_RECORDS FOR THE TASK_
- Opening Delimiter -

(* Let $\mathcal{C}$ be a class of languages that is closed under inverse injective alphabet morphisms (it is not assumed that $\mathcal{C}$ is closed under reversal). Then for every finitely generated group $G$ and every finite monoid generating set $A \subseteq G$: $\mathrm{wp}_A(G) \in \mathcal{C}$ if and only if $(\mathrm{wp}_A(G))^{\mathrm{rev}} \in \mathcal{C}$.
   Context: A language is a pair $(A,L)$ with $A$ a finite alphabet and $L \subseteq A^*$. An alphabet morphism is a map $h: A^* \to B^*$ ($A,B$ finite alphabets) with $h(uv) = h(u)h(v)$ for all $u,v$; it is injective if it is injective as a map. For $L \subseteq B^*$, $h^{-1}(L) = \{x \in A^* : h(x) \in L\}$. A class $\mathcal{C}$ is closed under inverse injective alphabet morphisms iff for every finite alphabet $B$, every $L \subseteq B^*$ in $\mathcal{C}$ and every injective alphabet morphism $h: A^* \to B^*$, $h^{-1}(L) \in \mathcal{C}$. A monoid generating set of $G$ is a subset $A\subseteq G$ such that every element of $G$ is a product of elements of $A$; $A$ is regarded as a finite alphabet and $\mathrm{wp}_A(G) = \{w \in A^* : w \text{ evaluates to the identity of } G\}$. $L^{\mathrm{rev}} = \{w^{\mathrm{rev}} : w \in L\}$ where $(a_1\cdots a_n)^{\mathrm{rev}} = a_n \cdots a_1$. *)

theory Defs
  imports "HOL-Algebra.Group"
begin

text \<open>A language is a pair (A, L) with A a finite alphabet (a finite set of symbols
of type 'a) and L a set of words over A. A class of languages is a set of such pairs.\<close>

definition alph_morph :: "('a \<Rightarrow> 'b list) \<Rightarrow> 'a list \<Rightarrow> 'b list" where
  "alph_morph h w = concat (map h w)"

definition closed_inv_inj_morph :: "('a set \<times> 'a list set) set \<Rightarrow> bool" where
  "closed_inv_inj_morph C \<longleftrightarrow>
     (\<forall>A B L h. finite A \<and> finite B \<and> L \<subseteq> lists B \<and> (B, L) \<in> C \<and>
        (\<forall>a\<in>A. h a \<in> lists B) \<and> inj_on (alph_morph h) (lists A)
        \<longrightarrow> (A, {x \<in> lists A. alph_morph h x \<in> L}) \<in> C)"

definition word_eval :: "('g, 'm) monoid_scheme \<Rightarrow> 'g list \<Rightarrow> 'g" where
  "word_eval G w = foldr (\<lambda>a b. a \<otimes>\<^bsub>G\<^esub> b) w \<one>\<^bsub>G\<^esub>"

definition monoid_gen_set :: "('g, 'm) monoid_scheme \<Rightarrow> 'g set \<Rightarrow> bool" where
  "monoid_gen_set G A \<longleftrightarrow> A \<subseteq> carrier G \<and>
     (\<forall>g\<in>carrier G. \<exists>w\<in>lists A. word_eval G w = g)"

definition word_problem :: "('g, 'm) monoid_scheme \<Rightarrow> 'g set \<Rightarrow> 'g list set" where
  "word_problem G A = {w \<in> lists A. word_eval G w = \<one>\<^bsub>G\<^esub>}"

definition lang_rev :: "'a list set \<Rightarrow> 'a list set" where
  "lang_rev L = rev ` L"

end

theory Submission
  imports Defs
begin

text \<open>Choose for every generator a a nonempty word h(a) over A that evaluates to the
inverse of a, all these words having the same length. The induced morphism h sends x to a
word evaluating to the inverse of the value of rev x, so h pulls the word problem back to
its reversal, and rev \<circ> h pulls the reversal back to the word problem. A morphism mapping
distinct letters to distinct nonempty words of one fixed length is injective, because a
word in its image is cut into blocks unambiguously. A common length is reached by
prefixing a word u(a) for the inverse of a with copies of the identity word u(a) a.\<close>

lemma word_eval_Nil [simp]: "word_eval G [] = \<one>\<^bsub>G\<^esub>"
  by (simp add: word_eval_def)

lemma word_eval_Cons [simp]: "word_eval G (a # w) = a \<otimes>\<^bsub>G\<^esub> word_eval G w"
  by (simp add: word_eval_def)

lemma (in monoid) word_eval_closed:
  "set w \<subseteq> carrier G \<Longrightarrow> word_eval G w \<in> carrier G"
  by (induction w) auto

lemma (in monoid) word_eval_append:
  assumes "set u \<subseteq> carrier G" and "set v \<subseteq> carrier G"
  shows "word_eval G (u @ v) = word_eval G u \<otimes> word_eval G v"
  using assms(1) by (induction u) (auto simp: m_assoc word_eval_closed assms(2))

lemma (in monoid) word_eval_concat_replicate:
  assumes "set w \<subseteq> carrier G"
  shows "word_eval G (concat (replicate n w)) = word_eval G w [^] n"
proof (induction n)
  case (Suc n)
  have "set (concat (replicate n w)) \<subseteq> carrier G"
    using assms by auto
  with Suc show ?case
    using assms nat_pow_Suc2[of "word_eval G w" n]
    by (simp add: word_eval_append word_eval_closed)
qed simp

lemma alph_morph_Nil [simp]: "alph_morph h [] = []"
  and alph_morph_Cons [simp]: "alph_morph h (a # x) = h a @ alph_morph h x"
  by (simp_all add: alph_morph_def)

lemma alph_morph_in_lists:
  "(\<And>a. a \<in> A \<Longrightarrow> h a \<in> lists B) \<Longrightarrow> x \<in> lists A \<Longrightarrow> alph_morph h x \<in> lists B"
  by (induction x) auto

lemma closed_inv_inj_morphD:
  assumes "closed_inv_inj_morph C" and "(B, L) \<in> C"
    and "finite A" and "finite B" and "L \<subseteq> lists B"
    and "\<And>a. a \<in> A \<Longrightarrow> h a \<in> lists B" and "inj_on (alph_morph h) (lists A)"
  shows "(A, {x \<in> lists A. alph_morph h x \<in> L}) \<in> C"
  using assms unfolding closed_inv_inj_morph_def by blast

lemma alph_morph_rev_comp: "alph_morph (rev \<circ> h) x = rev (alph_morph h (rev x))"
  by (simp add: alph_morph_def rev_concat rev_map)

lemma inj_on_alph_morph_uniform_length:
  assumes len: "\<And>a. a \<in> A \<Longrightarrow> length (h a) = n"
    and nonempty: "\<And>a. a \<in> A \<Longrightarrow> h a \<noteq> []"
    and inj: "inj_on h A"
  shows "inj_on (alph_morph h) (lists A)"
proof (rule inj_onI)
  show "x = y" if "x \<in> lists A" "y \<in> lists A" "alph_morph h x = alph_morph h y" for x y
    using that
  proof (induction x arbitrary: y rule: lists.induct)
    case Nil
    then show ?case
      using nonempty by (cases y) auto
  next
    case (Cons a x)
    then obtain b y' where y: "y = b # y'" and "b \<in> A" "y' \<in> lists A"
      using nonempty by (cases y) auto
    have "h a @ alph_morph h x = h b @ alph_morph h y'"
      using Cons.prems y by simp
    moreover have "length (h a) = length (h b)"
      using len Cons.hyps(1) \<open>b \<in> A\<close> by simp
    ultimately have "h a = h b" and "alph_morph h x = alph_morph h y'"
      by (simp_all add: append_eq_append_conv)
    then show ?case
      using Cons.IH Cons.hyps(1) y \<open>b \<in> A\<close> \<open>y' \<in> lists A\<close> inj_onD[OF inj] by simp
  qed
qed

lemma (in group) word_eval_alph_morph_inverse:
  assumes "A \<subseteq> carrier G"
    and "\<And>a. a \<in> A \<Longrightarrow> h a \<in> lists A"
    and "\<And>a. a \<in> A \<Longrightarrow> word_eval G (h a) = inv a"
    and "x \<in> lists A"
  shows "word_eval G (alph_morph h x) = inv (word_eval G (rev x))"
  using assms(4)
proof (induction x)
  case (Cons a x)
  have a: "a \<in> carrier G" and x: "set x \<subseteq> carrier G"
    using Cons.hyps assms(1) by auto
  have "set (h a) \<subseteq> carrier G" and "set (alph_morph h x) \<subseteq> carrier G"
    using Cons.hyps assms(1,2) alph_morph_in_lists[of A h A x] by auto
  then have "word_eval G (alph_morph h (a # x)) = inv a \<otimes> inv (word_eval G (rev x))"
    using Cons assms(3) by (simp add: word_eval_append)
  also have "\<dots> = inv (word_eval G (rev x @ [a]))"
    using a x by (simp add: word_eval_append word_eval_closed inv_mult_group)
  finally show ?case by simp
qed simp

lemma (in group) word_problem_vimage_inverse_morph:
  assumes "A \<subseteq> carrier G"
    and "\<And>a. a \<in> A \<Longrightarrow> h a \<in> lists A"
    and "\<And>a. a \<in> A \<Longrightarrow> word_eval G (h a) = inv a"
  shows "{x \<in> lists A. alph_morph h x \<in> word_problem G A} = lang_rev (word_problem G A)"
proof -
  have "alph_morph h x \<in> word_problem G A \<longleftrightarrow> rev x \<in> word_problem G A"
    if "x \<in> lists A" for x
  proof -
    have "word_eval G (rev x) \<in> carrier G"
      using that assms(1) word_eval_closed[of "rev x"] by auto
    then show ?thesis
      using that word_eval_alph_morph_inverse[OF assms that] alph_morph_in_lists[of A h A x] assms(2)
      by (auto simp: word_problem_def)
  qed
  moreover have "x \<in> lang_rev (word_problem G A) \<longleftrightarrow> x \<in> lists A \<and> rev x \<in> word_problem G A" for x
    by (force simp: lang_rev_def word_problem_def)
  ultimately show ?thesis by blast
qed

lemma (in group) lang_rev_word_problem_vimage_rev_comp:
  assumes "A \<subseteq> carrier G"
    and "\<And>a. a \<in> A \<Longrightarrow> h a \<in> lists A"
    and "\<And>a. a \<in> A \<Longrightarrow> word_eval G (h a) = inv a"
  shows "{x \<in> lists A. alph_morph (rev \<circ> h) x \<in> lang_rev (word_problem G A)} = word_problem G A"
proof -
  have "alph_morph (rev \<circ> h) x \<in> lang_rev (word_problem G A) \<longleftrightarrow> x \<in> word_problem G A"
    if "x \<in> lists A" for x
  proof -
    have "alph_morph (rev \<circ> h) x \<in> lang_rev (word_problem G A)
        \<longleftrightarrow> alph_morph h (rev x) \<in> word_problem G A"
      by (simp add: alph_morph_rev_comp lang_rev_def image_iff)
    also have "\<dots> \<longleftrightarrow> rev x \<in> lang_rev (word_problem G A)"
      using that word_problem_vimage_inverse_morph[OF assms] by auto
    finally show ?thesis
      by (simp add: lang_rev_def image_iff)
  qed
  then show ?thesis
    by (auto simp: word_problem_def)
qed

lemma (in group) nonempty_word_eval_inv:
  assumes "monoid_gen_set G A" and "a \<in> A"
  shows "\<exists>w \<in> lists A. w \<noteq> [] \<and> word_eval G w = inv a"
proof -
  have a: "a \<in> carrier G"
    using assms by (auto simp: monoid_gen_set_def)
  then obtain w where w: "w \<in> lists A" "word_eval G w = inv a"
    using assms(1) unfolding monoid_gen_set_def by (meson inv_closed)
  show ?thesis
  proof (cases "w = []")
    case True
    with w have "inv a = \<one>"
      by simp
    with a have "word_eval G [a] = inv a"
      by simp
    with assms(2) show ?thesis by (intro bexI[of _ "[a]"]) auto
  qed (use w in blast)
qed

lemma (in group) uniform_length_inverse_words:
  assumes "finite A" and "A \<subseteq> carrier G"
    and u: "\<And>a. a \<in> A \<Longrightarrow> u a \<in> lists A \<and> u a \<noteq> [] \<and> word_eval G (u a) = inv a"
  obtains h n where "\<And>a. a \<in> A \<Longrightarrow> h a \<in> lists A"
    and "\<And>a. a \<in> A \<Longrightarrow> length (h a) = n"
    and "\<And>a. a \<in> A \<Longrightarrow> h a \<noteq> []"
    and "\<And>a. a \<in> A \<Longrightarrow> word_eval G (h a) = inv a"
proof -
  define p where "p a = Suc (length (u a))" for a
  define P where "P = (\<Prod>a\<in>A. p a)"
  define h where "h a = concat (replicate (P div p a - 1) (u a @ [a])) @ u a" for a
  have "h a \<in> lists A" if "a \<in> A" for a
    using u[OF that] that by (auto simp: h_def split: if_splits)
  moreover have "length (h a) = P - 1" if a: "a \<in> A" for a
  proof -
    obtain q where q: "P = p a * q"
      using dvd_prodI[OF assms(1) a] unfolding P_def by blast
    moreover have "P > 0"
      unfolding P_def p_def by (simp add: prod_pos)
    ultimately obtain r where r: "q = Suc r"
      by (cases q) auto
    have "P div p a = q"
      using q by (simp add: p_def del: mult_Suc)
    with q r show ?thesis
      by (simp add: h_def p_def length_concat sum_list_replicate algebra_simps)
  qed
  moreover have "h a \<noteq> []" if "a \<in> A" for a
    using u[OF that] by (simp add: h_def)
  moreover have "word_eval G (h a) = inv a" if a: "a \<in> A" for a
  proof -
    have "a \<in> carrier G" and ua: "set (u a) \<subseteq> carrier G"
      using a u[OF a] assms(2) by auto
    then have "word_eval G (u a @ [a]) = \<one>"
      using u[OF a] by (simp add: word_eval_append)
    then have "word_eval G (concat (replicate (P div p a - 1) (u a @ [a]))) = \<one>"
      using ua \<open>a \<in> carrier G\<close> by (simp add: word_eval_concat_replicate)
    then show ?thesis
      using ua u[OF a] \<open>a \<in> carrier G\<close>
      by (simp add: h_def word_eval_append)
  qed
  ultimately show ?thesis
    using that by blast
qed

lemma (in group) inverse_morph_exists:
  assumes "finite A" and "monoid_gen_set G A"
  obtains h where "\<And>a. a \<in> A \<Longrightarrow> h a \<in> lists A"
    and "\<And>a. a \<in> A \<Longrightarrow> word_eval G (h a) = inv a"
    and "inj_on (alph_morph h) (lists A)"
    and "inj_on (alph_morph (rev \<circ> h)) (lists A)"
proof -
  have A: "A \<subseteq> carrier G"
    using assms(2) by (simp add: monoid_gen_set_def)
  obtain u where "\<And>a. a \<in> A \<Longrightarrow> u a \<in> lists A \<and> u a \<noteq> [] \<and> word_eval G (u a) = inv a"
    using nonempty_word_eval_inv[OF assms(2)] by metis
  then obtain h n where h: "\<And>a. a \<in> A \<Longrightarrow> h a \<in> lists A"
    and len: "\<And>a. a \<in> A \<Longrightarrow> length (h a) = n"
    and nonempty: "\<And>a. a \<in> A \<Longrightarrow> h a \<noteq> []"
    and ev: "\<And>a. a \<in> A \<Longrightarrow> word_eval G (h a) = inv a"
    using uniform_length_inverse_words[OF assms(1) A] by blast
  have "inj_on h A"
    using A ev by (intro inj_onI) (metis inv_inv subsetD)
  then have "inj_on (rev \<circ> h) A"
    by (auto simp: inj_on_def)
  moreover have "length ((rev \<circ> h) a) = n" "(rev \<circ> h) a \<noteq> []" if "a \<in> A" for a
    using len[OF that] nonempty[OF that] by simp_all
  ultimately show ?thesis
    using that[OF h ev] inj_on_alph_morph_uniform_length len nonempty \<open>inj_on h A\<close>
    by blast
qed

theorem proposition2p7:
  fixes C :: "('g set \<times> 'g list set) set"
    and G :: "('g, 'm) monoid_scheme"
    and A :: "'g set"
  assumes "closed_inv_inj_morph C"
    and "group G"
    and "finite A"
    and "monoid_gen_set G A"
  shows "(A, word_problem G A) \<in> C \<longleftrightarrow> (A, lang_rev (word_problem G A)) \<in> C"
proof -
  interpret group G by fact
  have A: "A \<subseteq> carrier G"
    using assms(4) by (simp add: monoid_gen_set_def)
  obtain h where h: "\<And>a. a \<in> A \<Longrightarrow> h a \<in> lists A"
    and ev: "\<And>a. a \<in> A \<Longrightarrow> word_eval G (h a) = inv\<^bsub>G\<^esub> a"
    and inj: "inj_on (alph_morph h) (lists A)"
    and inj_rev: "inj_on (alph_morph (rev \<circ> h)) (lists A)"
    using inverse_morph_exists[OF assms(3,4)] by blast
  have h_rev: "(rev \<circ> h) a \<in> lists A" if "a \<in> A" for a
    using h[OF that] by auto
  have "word_problem G A \<subseteq> lists A" and "lang_rev (word_problem G A) \<subseteq> lists A"
    by (auto simp: word_problem_def lang_rev_def)
  note pull_back = closed_inv_inj_morphD[OF assms(1) _ assms(3,3)]
  show ?thesis
  proof
    assume "(A, word_problem G A) \<in> C"
    from pull_back[OF this \<open>word_problem G A \<subseteq> lists A\<close> h inj]
    show "(A, lang_rev (word_problem G A)) \<in> C"
      by (simp add: word_problem_vimage_inverse_morph[OF A h ev])
  next
    assume "(A, lang_rev (word_problem G A)) \<in> C"
    from pull_back[OF this \<open>lang_rev (word_problem G A) \<subseteq> lists A\<close> h_rev inj_rev]
    show "(A, word_problem G A) \<in> C"
      by (simp add: lang_rev_word_problem_vimage_rev_comp[OF A h ev])
  qed
qed

end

- Closing Delimiter -

_DIRECTIONS FOR THIS TASK_
Reproduce verbatim only the segment of the listing bounded by the line containing "obtain q where" and the line containing "using u[OF a]", with both boundary lines included.

_EXERCISE RESPONSE_
    obtain q where q: "P = p a * q"
      using dvd_prodI[OF assms(1) a] unfolding P_def by blast
    moreover have "P > 0"
      unfolding P_def p_def by (simp add: prod_pos)
    ultimately obtain r where r: "q = Suc r"
      by (cases q) auto
    have "P div p a = q"
      using q by (simp add: p_def del: mult_Suc)
    with q r show ?thesis
      by (simp add: h_def p_def length_concat sum_list_replicate algebra_simps)
  qed
  moreover have "h a \<noteq> []" if "a \<in> A" for a
    using u[OF that] by (simp add: h_def)
  moreover have "word_eval G (h a) = inv a" if a: "a \<in> A" for a
  proof -
    have "a \<in> carrier G" and ua: "set (u a) \<subseteq> carrier G"
      using a u[OF a] assms(2) by auto
    then have "word_eval G (u a @ [a]) = \<one>"
      using u[OF a] by (simp add: word_eval_append)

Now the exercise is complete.